In the Times Square subway station, many people were aware of the jokes that were making the rounds. In random interviews, opinion was split over whether the French and German were enemies or if it was politics as usual.
"There has always been a divide between the U.S. and Europe," said Kyle McCabe, 29, of Brooklyn, a film editor. "I'm hearing the sentiment. I was in a cafe and I overheard a conversation between a mother, father and son who has just flown in on Southwest Airlines. Their daughter was married to a German, and he apparently was always extolling the social welfare system there.
"They started talking about Iraq, and the father just exploded. He said we should just bomb them. Obviously, it's a very complicated issue."
Olaf Lawson, 31, who lives in Harlem and works as an offtrack betting clerk, said European caution was a expression of fear.

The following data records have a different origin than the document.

lemma cycle_pred:
  assumes g: "g \<in> cycle_maps y"
  shows "g (cycle_pred g y) = y" "cycle_pred g y \<noteq> y" "reaches g y (cycle_pred g y)"
proof -
  note len = cycle_length[OF g]
  have "g (cycle_pred g y) = (g ^^ cycle_length g y) y"
  proof -
    have "cycle_length g y = Suc (cycle_length g y - 1)" using len(1) by simp
    then show ?thesis unfolding cycle_pred_def by (metis comp_apply funpow.simps(2))
  qed
  then show "g (cycle_pred g y) = y" using len(2) by simp
  then show "cycle_pred g y \<noteq> y"
  proof (cases "cycle_length g y = 1")
    case True
    then show ?thesis using g len(2) unfolding cycle_pred_def cycle_maps_def by auto
  next
    case False
    then show ?thesis using len(1) len(3)[of "cycle_length g y - 1"] unfolding cycle_pred_def by simp
  qed
  show "reaches g y (cycle_pred g y)" unfolding cycle_pred_def reaches_def by blast
qed

text \<open>Redirecting the root x of a tree to y closes a cycle x \<rightarrow> y \<rightarrow> \<dots> \<rightarrow> x,
  so x is recovered as the predecessor of y on that cycle.\<close>

lemma cycle_pred_redirect_root:
  assumes f: "f \<in> rooted_trees x" and "x \<noteq> y"
  shows "cycle_pred (f(x := y)) y = x"
proof -
  define g where "g = f(x := y)"
  have "\<exists>d. (f ^^ d) y = x" using f unfolding rooted_trees_def reaches_def by blast
  define d where "d = (LEAST d. (f ^^ d) y = x)"
  have fd: "(f ^^ d) y = x" unfolding d_def by (rule LeastI_ex) fact
  have before: "(f ^^ j) y \<noteq> x" if "j < d" for j
    using that unfolding d_def by (rule not_less_Least)
  have agree: "(g ^^ j) y = (f ^^ j) y" if "j \<le> d" for j
    using that by (induction j) (auto simp: g_def dest: before[OF Suc_le_lessD])
  have "reaches g x y" unfolding g_def by (rule reaches_step) (simp add: reaches_refl)
  with rooted_tree_redirect_root[OF f \<open>x \<noteq> y\<close>[symmetric]] have g: "g \<in> cycle_maps y"
    unfolding g_def by (rule cycle_maps_reaches)
  note len = cycle_length[OF g]
  have "(g ^^ Suc d) y = y" using agree[of d] fd by (simp add: g_def)
  then have "cycle_length g y \<le> Suc d" unfolding cycle_length_def by (intro Least_le) simp
  moreover have "\<not> cycle_length g y \<le> d"
  proof
    assume "cycle_length g y \<le> d"
    then have "(f ^^ cycle_length g y) y = y" using agree len(2) by simp
    then show False using len(1) rooted_tree_no_return[OF f \<open>x \<noteq> y\<close>[symmetric]] by blast
  qed
  ultimately have "cycle_length g y = Suc d" by simp
  then show ?thesis unfolding g_def[symmetric] cycle_pred_def using agree[of d] fd by simp
qed

lemma bij_betw_redirect_root:
  "bij_betw (\<lambda>(x, f). f(x := y)) (SIGMA x:UNIV - {y}. rooted_trees x) (cycle_maps y)"
proof (rule bij_betw_byWitness[where f' = "\<lambda>g. (cycle_pred g y, g(cycle_pred g y := cycle_pred g y))"])
  show "\<forall>p\<in>SIGMA x:UNIV - {y}. rooted_trees x.
      (\<lambda>g. (cycle_pred g y, g(cycle_pred g y := cycle_pred g y))) ((\<lambda>(x, f). f(x := y)) p) = p"
    by (auto simp: cycle_pred_redirect_root rooted_trees_def)
  show "\<forall>g\<in>cycle_maps y. (\<lambda>(x, f). f(x := y)) (cycle_pred g y, g(cycle_pred g y := cycle_pred g y)) = g"
    by (auto simp: cycle_pred(1))
  show "(\<lambda>(x, f). f(x := y)) ` (SIGMA x:UNIV - {y}. rooted_trees x) \<subseteq> cycle_maps y"
  proof
    fix g assume "g \<in> (\<lambda>(x, f). f(x := y)) ` (SIGMA x:UNIV - {y}. rooted_trees x)"
    then obtain x f where f: "f \<in> rooted_trees x" and "x \<noteq> y" and g: "g = f(x := y)" by auto
    have "reaches g x y" unfolding g by (rule reaches_step) (simp add: reaches_refl)
    with rooted_tree_redirect_root[OF f \<open>x \<noteq> y\<close>[symmetric]] show "g \<in> cycle_maps y"
      unfolding g by (rule cycle_maps_reaches)
  qed
  show "(\<lambda>g. (cycle_pred g y, g(cycle_pred g y := cycle_pred g y))) ` cycle_maps y
      \<subseteq> (SIGMA x:UNIV - {y}. rooted_trees x)"
    using cycle_pred(2) cycle_map_cut[OF _ cycle_pred(3)] by fastforce
qed

lemma bij_betw_root_out_edge:
  "bij_betw (\<lambda>(z, f). f(y := z)) ((UNIV - {y}) \<times> rooted_trees y) (cycle_maps y)"
proof (rule bij_betw_byWitness[where f' = "\<lambda>g. (g y, g(y := y))"])
  show "\<forall>p\<in>(UNIV - {y}) \<times> rooted_trees y. (\<lambda>g. (g y, g(y := y))) ((\<lambda>(z, f). f(y := z)) p) = p"
    by (auto simp: rooted_trees_def)
  show "\<forall>g\<in>cycle_maps y. (\<lambda>(z, f). f(y := z)) (g y, g(y := y)) = g"
    by auto
  show "(\<lambda>(z, f). f(y := z)) ` ((UNIV - {y}) \<times> rooted_trees y) \<subseteq> cycle_maps y"
    using rooted_tree_redirect_root by fastforce
  show "(\<lambda>g. (g y, g(y := y))) ` cycle_maps y \<subseteq> (UNIV - {y}) \<times> rooted_trees y"
  proof
    fix p assume "p \<in> (\<lambda>g. (g y, g(y := y))) ` cycle_maps y"
    then obtain g where g: "g \<in> cycle_maps y" and p: "p = (g y, g(y := y))" by blast
    have "g y \<noteq> y" using g unfolding cycle_maps_def by blast
    with cycle_map_cut[OF g reaches_refl] show "p \<in> (UNIV - {y}) \<times> rooted_trees y"
      unfolding p by blast
  qed
qed
(* Consider a twice continuously differentiable function $f(X_1,\dots,X_k)$ with $X_i\in\operatorname{Gr}(n_i,r_i)$, $i=1,\dots,k$, to be minimized. Let $X_i(t)$ be the geodesics defined by tangents $\Delta_i\in\mathbf{T}_{X_i}$, with corresponding parallel transported tangent space basis matrices $Y_i(t)=T_{X_i,\Delta_i}(t)Y_i$, where $[X_i\;Y_i]$ is orthogonal. When tangents and operators are expressed in local coordinates in these bases, the BFGS update of the Hessian approximation on the product of Grassmannians, \[ \mathcal{H}_{+}=\mathcal{H}-\frac{\langle\mathcal{H},S\rangle\otimes\langle\mathcal{H},S\rangle}{\langle\langle\mathcal{H},S\rangle,S\rangle}+\frac{Y\otimes Y}{\langle S,Y\rangle}, \] has the same optimality properties as the BFGS update for a function with variables in a Euclidean space, i.e. it is the least change update of the current Hessian approximation that satisfies the secant equation.
   Context: Points of $\operatorname{Gr}(n,r)$ are $n\times r$ matrices with orthonormal columns; $\mathbf{T}_X=\{\Delta: X^{\mathsf{T}}\Delta=0\}$ with inner product $\operatorname{tr}(\Delta_1^{\mathsf{T}}\Delta_2)$; in the basis $Y$ (with $[X\;Y]$ orthogonal) a tangent $\Delta=YD$ has local coordinates $D=Y^{\mathsf{T}}\Delta$. For thin SVD $\Delta=U\Sigma V^{\mathsf{T}}$ the geodesic is $X(t)=[XV\;U]\begin{bmatrix}\cos\Sigma t\\ \sin\Sigma t\end{bmatrix}V^{\mathsf{T}}$ and the transport matrix is $T_{X,\Delta}(t)=[XV\;U]\begin{bmatrix}-\sin\Sigma t\\ \cos\Sigma t\end{bmatrix}U^{\mathsf{T}}+(I-UU^{\mathsf{T}})$. The Grassmann gradient of $f$ in the $i$th variable is $\Pi_{X_i}\partial f/\partial X_i$ with $\Pi_{X_i}=I-X_iX_i^{\mathsf{T}}$. In a quasi-Newton step from $(X_1,\dots,X_k)$ with search direction $(\Delta_1,\dots,\Delta_k)$ and step length $t_k$, one sets $S=(S_1,\dots,S_k)$, $S_i=t_kT_{X_i,\Delta_i}(t_k)\Delta_i$, and $Y=(Y^{(1)},\dots,Y^{(k)})$ with $Y^{(i)}$ the gradient component at the new point minus the transported ($T_{X_i,\Delta_i}(t_k)$) gradient component at the old point; in local coordinates these are expressed in the bases $Y_i(t_k)$. The Hessian approximation $\mathcal{H}$ is a linear operator on $\mathbf{T}_{X_1}\times\dots\times\mathbf{T}_{X_k}$ (block form with blocks $\mathcal{H}_{ij}:\mathbf{T}_{X_j}\to\mathbf{T}_{X_i}$); $\langle\mathcal{H},S\rangle$ denotes its action on $S$, $\langle S,Y\rangle=\sum_i\langle S_i,Y^{(i)}\rangle$, and $\Delta\otimes\Gamma$ for tuples is the block operator with blocks $\Delta_i\otimes\Gamma_j$ (i.e. $\Gamma\mapsto$ the rank-one operator $Z\mapsto\langle\Gamma,Z\rangle\Delta$ blockwise). Euclidean BFGS optimality (as meant here): for $s\neq 0$, $y$ with $y^{\mathsf{T}}s>0$ and $H=LL^{\mathsf{T}}$ ($L$ invertible), the BFGS update $H_+=H-\frac{Hss^{\mathsf{T}}H}{s^{\mathsf{T}}Hs}+\frac{yy^{\mathsf{T}}}{y^{\mathsf{T}}s}$ satisfies $H_+s=y$, is symmetric positive definite, and equals $L_+L_+^{\mathsf{T}}$ where $L_+$ is the Frobenius-nearest matrix to $L$ mapping $v$ to $y$, with $v=\alpha L^{\mathsf{T}}s$, $\alpha^2=y^{\mathsf{T}}s/s^{\mathsf{T}}Hs$. *)

theory Defs
  imports Complex_Main "Jordan_Normal_Form.Matrix"
begin

definition mtrace :: "real mat \<Rightarrow> real" where
  "mtrace A = (\<Sum>j<dim_row A. A $$ (j, j))"

definition mcat :: "real mat \<Rightarrow> real mat \<Rightarrow> real mat" where
  "mcat A B = mat (dim_row A) (dim_col A + dim_col B)
     (\<lambda>(a, b). if b < dim_col A then A $$ (a, b) else B $$ (a, b - dim_col A))"

definition orthogonal_mat :: "real mat \<Rightarrow> bool" where
  "orthogonal_mat Q \<longleftrightarrow> dim_row Q = dim_col Q \<and>
     Q\<^sup>T * Q = 1\<^sub>m (dim_col Q) \<and> Q * Q\<^sup>T = 1\<^sub>m (dim_row Q)"

definition diag_fun :: "(real \<Rightarrow> real) \<Rightarrow> real mat \<Rightarrow> real mat" where
  "diag_fun g D = mat (dim_row D) (dim_col D) (\<lambda>(a, b). if a = b then g (D $$ (a, a)) else 0)"

(* geodesic X(t) = [XV U] [cos(Sigma t); sin(Sigma t)] V^T *)
definition grass_geod :: "real mat \<Rightarrow> real mat \<Rightarrow> real mat \<Rightarrow> real mat \<Rightarrow> real \<Rightarrow> real mat" where
  "grass_geod X U Sig V t =
     (X * V * diag_fun (\<lambda>s. cos (s * t)) Sig + U * diag_fun (\<lambda>s. sin (s * t)) Sig) * V\<^sup>T"

(* transport matrix T(t) = [XV U] [-sin(Sigma t); cos(Sigma t)] U^T + (I - U U^T) *)
definition grass_transp :: "real mat \<Rightarrow> real mat \<Rightarrow> real mat \<Rightarrow> real mat \<Rightarrow> real \<Rightarrow> real mat" where
  "grass_transp X U Sig V t =
     (X * V * (- diag_fun (\<lambda>s. sin (s * t)) Sig) + U * diag_fun (\<lambda>s. cos (s * t)) Sig) * U\<^sup>T
     + (1\<^sub>m (dim_row X) - U * U\<^sup>T)"

definition grass_proj :: "real mat \<Rightarrow> real mat" where
  "grass_proj X = 1\<^sub>m (dim_row X) - X * X\<^sup>T"

definition tinner :: "nat \<Rightarrow> (nat \<Rightarrow> real mat) \<Rightarrow> (nat \<Rightarrow> real mat) \<Rightarrow> real" where
  "tinner k A B = (\<Sum>i<k. mtrace ((A i)\<^sup>T * B i))"

(* BFGS update on the product of tangent spaces:
   H+ = H - <H,S> (x) <H,S> / <<H,S>,S> + Y (x) Y / <S,Y>,
   with (Delta (x) Gamma) Z = <Gamma,Z> Delta *)
definition bfgs_tangent_update ::
  "nat \<Rightarrow> ((nat \<Rightarrow> real mat) \<Rightarrow> (nat \<Rightarrow> real mat)) \<Rightarrow> (nat \<Rightarrow> real mat) \<Rightarrow> (nat \<Rightarrow> real mat)
   \<Rightarrow> (nat \<Rightarrow> real mat) \<Rightarrow> (nat \<Rightarrow> real mat)" where
  "bfgs_tangent_update k H S Y Z = (\<lambda>i.
      H Z i - (tinner k (H S) Z / tinner k (H S) S) \<cdot>\<^sub>m H S i
            + (tinner k Y Z / tinner k S Y) \<cdot>\<^sub>m Y i)"

(* index set of local coordinates: block i, entry (a,b) of the (n_i - r_i) x r_i matrix D_i *)
type_synonym cidx = "nat \<times> nat \<times> nat"
lemma members_supported_in_moves_to:
  assumes J: "set_ideal X J" "invariant_family G \<phi> J"
    and g: "g \<in> carrier G" "moves_to \<phi> E lab g A A"
    and y: "y \<in> members_supported_in J A" and m: "moves_to \<phi> E lab g y z"
  shows "z \<in> members_supported_in J A"
proof -
  obtain c where c: "c \<in> J" "supports c y" and "E y A"
    using y unfolding members_supported_in_def by blast
  then obtain z' where "E z' A" "moves_to \<phi> E lab g y z'"
    using moves_to_member[OF g(2)] by blast
  then have "E z A"
    using moves_to_unique[OF g(1) m] by simp
  moreover have "supports (\<phi> g ` c) z"
    using supports_moves_to[OF g(1) set_ideal_member_subset[OF J(1) c(1)] c(2) m] .
  moreover have "\<phi> g ` c \<in> J"
    using J(2) c(1) g(1) unfolding invariant_family_def by blast
  ultimately show ?thesis
    unfolding members_supported_in_def by blast
qed

lemma fixes_set_members_supported_in:
  assumes J: "set_ideal X J" "invariant_family G \<phi> J"
    and a: "supports a A" and g: "g \<in> pstab G \<phi> a"
  shows "fixes_set \<phi> E lab g (members_supported_in J A)"
proof -
  have gG: "g \<in> carrier G"
    using g unfolding pstab_def by blast
  have gA: "moves_to \<phi> E lab g A A"
    using g a unfolding supports_def by blast
  have "\<exists>z\<in>members_supported_in J A. moves_to \<phi> E lab g y z"
    if y: "y \<in> members_supported_in J A" for y
  proof -
    obtain z where "moves_to \<phi> E lab g y z"
      using y moves_to_member[OF gA] unfolding members_supported_in_def by blast
    then show ?thesis
      using members_supported_in_moves_to[OF J gG gA y] by blast
  qed
  moreover have "\<exists>y\<in>members_supported_in J A. moves_to \<phi> E lab g y z"
    if z: "z \<in> members_supported_in J A" for z
  proof -
    obtain y where m: "moves_to \<phi> E lab g y z"
      using z moves_to_member_back[OF gA] unfolding members_supported_in_def by blast
    have "y \<in> members_supported_in J A"
      using members_supported_in_moves_to[OF J _ moves_to_inv[OF gG gA] z moves_to_inv[OF gG m]]
        gG by simp
    then show ?thesis
      using m by blast
  qed
  ultimately show ?thesis
    unfolding fixes_set_def by blast
qed

end

locale stratified_presentation = presented_action G X \<phi> E lab
  for G :: "('g, 'm) monoid_scheme" (structure) and X :: "'x set" and \<phi>
    and E :: "'c \<Rightarrow> 'c \<Rightarrow> bool" and lab :: "'c \<Rightarrow> 'x option" +
  fixes In :: "nat \<Rightarrow> 'x set set"
  assumes stratum_ideal: "set_ideal X (In n)"
    and stratum_invariant: "invariant_family G \<phi> (In n)"
    and stratum_Suc: "In n \<subseteq> In (Suc n)"
    and stratum_step: "a \<in> In n \<Longrightarrow> \<forall>m. bs m \<in> In n \<Longrightarrow>
      \<exists>gs :: nat \<Rightarrow> 'g. (\<forall>m. gs m \<in> pstab G \<phi> a) \<and> (\<Union>m. \<phi> (gs m) ` bs m) \<in> In (Suc n)"
begin

lemma stratum_mono: "k \<le> j \<Longrightarrow> In k \<subseteq> In j"
  using lift_Suc_mono_le[of In] stratum_Suc by blast

lemma UN_members_supported_in_strata:
  assumes "in_W G \<phi> (\<Union>n. In n) E lab A"
  shows "(\<Union>n. members_supported_in (In (n + k)) A) = {y. E y A}"
proof
  show "(\<Union>n. members_supported_in (In (n + k)) A) \<subseteq> {y. E y A}"
    unfolding members_supported_in_def by blast
  show "{y. E y A} \<subseteq> (\<Union>n. members_supported_in (In (n + k)) A)"
  proof
    fix y assume "y \<in> {y. E y A}"
    then have y: "E y A"
      by simp
    then obtain b where b: "b \<in> (\<Union>n. In n)" "supports b y"
      using in_W_supported[OF assms r_into_rtranclp] by blast
    then obtain j where "b \<in> In j"
      by blast
    then have "b \<in> In (j + k)"
      using stratum_mono[of j "j + k"] by auto
    then have "y \<in> members_supported_in (In (j + k)) A"
      using y b(2) unfolding members_supported_in_def by blast
    then show "y \<in> (\<Union>n. members_supported_in (In (n + k)) A)"
      by blast
  qed
qed

lemma members_countable_union_of_finite:
  assumes W: "in_W G \<phi> (\<Union>n. In n) E lab A" and a: "a \<in> In k" "supports a A"
    and fin: "\<And>d. d \<in> (\<Union>n. In n) \<Longrightarrow> finite (members_supported_by d A)"
  shows "\<exists>F :: nat \<Rightarrow> 'c set.
      (\<forall>n. finite (F n) \<and> F n \<subseteq> {d. E d A}) \<and> (\<Union>n. F n) = {d. E d A} \<and>
      (\<exists>b\<in>(\<Union>n. In n). \<forall>g\<in>pstab G \<phi> b. \<forall>n. fixes_set \<phi> E lab g (F n))"
proof (intro exI[of _ "\<lambda>n. members_supported_in (In (n + k)) A"] conjI allI ballI)
  fix n
  have "a \<in> In (n + k)"
    using a(1) stratum_mono[of k "n + k"] by auto
  then show "finite (members_supported_in (In (n + k)) A)"
    using finite_members_supported_in[OF stratum_ideal a(2) stratum_step] fin by blast
  show "members_supported_in (In (n + k)) A \<subseteq> {d. E d A}"
    unfolding members_supported_in_def by blast
next
  show "(\<Union>n. members_supported_in (In (n + k)) A) = {d. E d A}"
    by (rule UN_members_supported_in_strata[OF W])
  show "\<exists>b\<in>(\<Union>n. In n). \<forall>g\<in>pstab G \<phi> b. \<forall>n. fixes_set \<phi> E lab g (members_supported_in (In (n + k)) A)"
    using fixes_set_members_supported_in[OF stratum_ideal stratum_invariant a(2)] a(1) by blast
qed

end

lemma stratified_presentation_of_stratified:
  fixes G :: "('g, 'm) monoid_scheme" and X :: "'x set" and \<phi> :: "'g \<Rightarrow> 'x \<Rightarrow> 'x"
    and E :: "'c \<Rightarrow> 'c \<Rightarrow> bool" and lab :: "'c \<Rightarrow> 'x option"
  assumes "stratified G X \<phi> I" "presentation X E lab"
  obtains In where "I = (\<Union>n. In n)" "stratified_presentation G X \<phi> E lab In"
proof -
  from assms(1) obtain In where dyn: "dynamical_ideal G X \<phi> I" and I: "I = (\<Union>n. In n)"
    and strata: "\<forall>n. set_ideal X (In n) \<and> invariant_family G \<phi> (In n)"
    and Suc: "\<forall>n. In n \<subseteq> In (Suc n)"
    and step: "\<forall>n a (bs :: nat \<Rightarrow> 'x set). a \<in> In n \<longrightarrow> (\<forall>m. bs m \<in> In n) \<longrightarrow>
      (\<exists>gs. (\<forall>m. gs m \<in> pstab G \<phi> a) \<and> (\<Union>m. \<phi> (gs m) ` bs m) \<in> In (Suc n))"
    unfolding stratified_def by blast
  have "presented_action G X \<phi> E lab"
    using dyn assms(2) by (simp add: dynamical_ideal_def presented_action_def presented_action_axioms_def)
  moreover have "stratified_presentation_axioms G X \<phi> In"
    using strata Suc step unfolding stratified_presentation_axioms_def by blast
  ultimately show thesis
    using that I by (blast intro: stratified_presentation.intro)
qed
lemma historic_remove_max:
  assumes "historic m (Suc n) h" "1 \<le> n"
  obtains h' i where "historic m n h'" "i < ext_h h'" "h = add_h m 0 (Suc n) h' i"
proof -
  have hw: "hwf m 0 h" and di: "distinct (labels_h h)" and st: "set (labels_h h) = {1..Suc n}"
    using assms(1) by (auto simp: historic_def)
  have "label h \<le> 1" using labels_above_root(1)[OF hw, of 1] st by simp
  then have "Suc n \<noteq> label h" using assms(2) by simp
  moreover have "Suc n \<in> set (labels_h h)" "\<forall>x\<in>set (labels_h h). x \<le> Suc n"
    using st by auto
  ultimately obtain h' i where h': "h = add_h m 0 (Suc n) h' i" "i < ext_h h'" "hwf m 0 h'"
    using max_label_removable(1)[OF hw] by blast
  have fresh: "Suc n \<notin> set (labels_h h')" and dist: "distinct (labels_h h')"
    using di unfolding h'(1) distinct_labels_add(1) by simp_all
  have "set (labels_h h') = insert (Suc n) (set (labels_h h')) - {Suc n}"
    using fresh by simp
  also have "\<dots> = {1..Suc n} - {Suc n}"
    using st by (simp add: h'(1) set_labels_add(1))
  also have "\<dots> = {1..n}"
    by auto
  finally have "historic m n h'" using h'(3) dist by (simp add: historic_def)
  then show thesis using that h'(1,2) by blast
qed

lemma historic_add:
  assumes "historic m n h"
  shows "historic m (Suc n) (add_h m 0 (Suc n) h i)"
proof -
  have "hwf m 0 h" "distinct (labels_h h)" "set (labels_h h) = {1..n}"
    using assms by (simp_all add: historic_def)
  then show ?thesis
    by (auto simp: historic_def hwf_add(1) distinct_labels_add(1) set_labels_add(1))
qed

definition keys_at_height :: "nat \<Rightarrow> nat \<Rightarrow> nat" where
  "keys_at_height m x = (if x \<le> 2*m then x else m + (x - 2*m - 1) mod (m+1))"

lemma keys_at_height_grow_ext:
  assumes "1 \<le> m"
  shows "map (keys_at_height m) (grow_ext m x) = grow_leaf m (keys_at_height m x)"
proof -
  consider "x < 2*m" | "x = 2*m" | "2*m < x" by linarith
  then show ?thesis
  proof cases
    case 1
    then show ?thesis by (auto simp: keys_at_height_def grow_ext_def grow_leaf_def branching_def)
  next
    case 2
    then show ?thesis using assms
      by (auto simp: keys_at_height_def grow_ext_def grow_leaf_def branching_def)
  next
    case 3
    define y where "y = x - (2*m + 1)"
    have x: "x = 2*m + 1 + y" using 3 by (simp add: y_def)
    define r where "r = y mod (m+1)"
    have r: "r < m + 1" "Suc y mod (m+1) = (if r = m then 0 else Suc r)"
      by (auto simp: r_def mod_Suc)
    have "branching m x \<longleftrightarrow> Suc y mod (m+1) = 0"
      by (simp add: branching_def x)
    then have br: "branching m x \<longleftrightarrow> r = m"
      using r(2) by simp
    have keys: "keys_at_height m x = m + r" "keys_at_height m (Suc x) = m + Suc y mod (m+1)"
      by (simp_all add: keys_at_height_def x r_def)
    show ?thesis using br keys r by (auto simp: grow_ext_def grow_leaf_def)
  qed
qed
text \<open>Since U is nonempty, "sup < eps" is written as: some c < eps bounds d on U x U.\<close>
definition fragments :: "('a \<Rightarrow> 'a \<Rightarrow> real) \<Rightarrow> 'a topology \<Rightarrow> bool" where
  "fragments d X \<longleftrightarrow>
     (\<forall>L. closedin X L \<and> L \<noteq> {} \<longrightarrow>
        (\<forall>\<epsilon>>0. \<exists>U. openin (subtopology X L) U \<and> U \<noteq> {} \<and>
                    (\<exists>c<\<epsilon>. \<forall>x\<in>U. \<forall>y\<in>U. d x y \<le> c)))"

definition fragmentable :: "'a topology \<Rightarrow> bool" where
  "fragmentable X \<longleftrightarrow> (\<exists>d. quasi_metric_on (topspace X) d \<and> fragments d X)"

definition cube_top :: "'i set \<Rightarrow> ('i \<Rightarrow> real) topology" where
  "cube_top \<Gamma> = product_topology (\<lambda>_. top_of_set {0..1}) \<Gamma>"

definition Sigma01 :: "'i set \<Rightarrow> ('i \<Rightarrow> real) set" where
  "Sigma01 \<Gamma> = {x \<in> topspace (cube_top \<Gamma>). countable {\<gamma>\<in>\<Gamma>. x \<gamma> \<notin> {0, 1}}}"
lemma Fcos_sq_plus_Fsin_sq:
  assumes "0 < r"
  shows "(Fcos (r, \<theta>, z, pR, pS))\<^sup>2 + (Fsin k (r, \<theta>, z, pR, pS))\<^sup>2
    = 2 * Ham k (r, \<theta>, z, pR, pS) * F3 k (r, \<theta>, z, pR, pS) + k\<^sup>2"
proof -
  obtain S where S: "sqrt (r ^ 4 + 16 * z\<^sup>2) = S" "0 < S" "S\<^sup>2 = r ^ 4 + 16 * z\<^sup>2"
    using radicand_pos[OF assms] by auto
  have nz: "r \<noteq> 0" "S \<noteq> 0" using assms S(2) by auto
  show ?thesis
    apply (simp add: Fcos_def Fsin_def Ham_def F3_def S(1))
    apply (simp add: field_simps nz)
    using S(3) by algebra
qed

lemma F1_sq_plus_F2_sq_eq_Ham_F3:
  assumes "in_dom x"
  shows "(F1 k x)\<^sup>2 + (F2 k x)\<^sup>2 = 2 * Ham k x * F3 k x + k\<^sup>2"
proof -
  obtain r \<theta> z pR pS where x: "x = (r, \<theta>, z, pR, pS)" by (metis prod.exhaust)
  have "0 < r" using assms x by (simp add: in_dom_def)
  then show ?thesis unfolding F1_sq_plus_F2_sq x by (rule Fcos_sq_plus_Fsin_sq)
qed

The United States should rethink its alliances, Mr. Lawson said.
"They're scared," he added. "They're worried for their own people. They don't want war the way other people don't want war. But we should cut them off if they don't want to be behind us."
"If they're not willing to help us when we need them, after we've helped them in the past," he said with an irritated shrug, his voice trailing off.
Karol Ward, a psychotherapist who lives in Midtown Manhattan, said she feared that France and Germany were being scapegoated.
"Some of these countries are saying, `Slow down, what are you doing?' " Ms. Ward said. "This country was built on the freedom of speech that includes the opinions of other countries."
A more caustic American opinion can be gleaned from letters to the editor in newspapers. In The Birmingham News on Tuesday, among the letters about Iraq, George Singleton wrote, "History records many gutless wonder nations that watched while Adolf Hitler rose to power."
In Richmond, Va., Sean Murphy, 25, a restaurant cook, said he thought that the French and German proposals to delay a war were selfishly putting off the inevitable.
"The French are definitely being ungrateful," Mr. Murphy said.
Some politicians insisted that a similar feeling resonated with voters.
Representative Peter T. King, Republican of New York, was unsparing on Monday in a BBC interview.
"I said, `France is no longer a world power, Belgium never was, and Germany started two world wars,' " Mr. King recalled. The comments, he said, set off responses globally and more e-mail messages, letters and telephone calls from Americans than he had seen in years. The supporters expressed a resentment that Americans bailed out Europe in World War II, he said.
The anger, Mr. King added, is more visceral toward the French than the Germans.
"This ongoing struggle with terrorism could go on for 5, 10, 15 years," he said. "We're going to have to contend with France at every stage. Can we afford to have that or do we need to restructure the alliance?"
He said of France, "It seems to be part of their fiber to be anti-American."
If France keeps complaining about genetically modified American beef, he added, maybe the United States will do its complaining about cheese or wine. In Nashville, Steve Gill, host of a morning talk show at WWTN-FM, called for a boycott of French products.
"People have been pretty outraged at what they're seeing from the French, outrage that they've betrayed our trust in terms of being an ally," said Mr. Gill, whose "Steve Gill Mornings" is on 5:30 to 9 a.m. "We called for a boycott of all things French, from Perrier to Champagnes to wines and French w-h-i-n-e-s, French berets, French pastries. Because of St. Valentine's Day, we made an exception for French kissing."
A chic visitor from Marseille, who would not give her name as she passed through Times Square, wrinkled her nose over the nastiness directed toward her countrymen.
"It's just politics," she said, walking away with her head held high.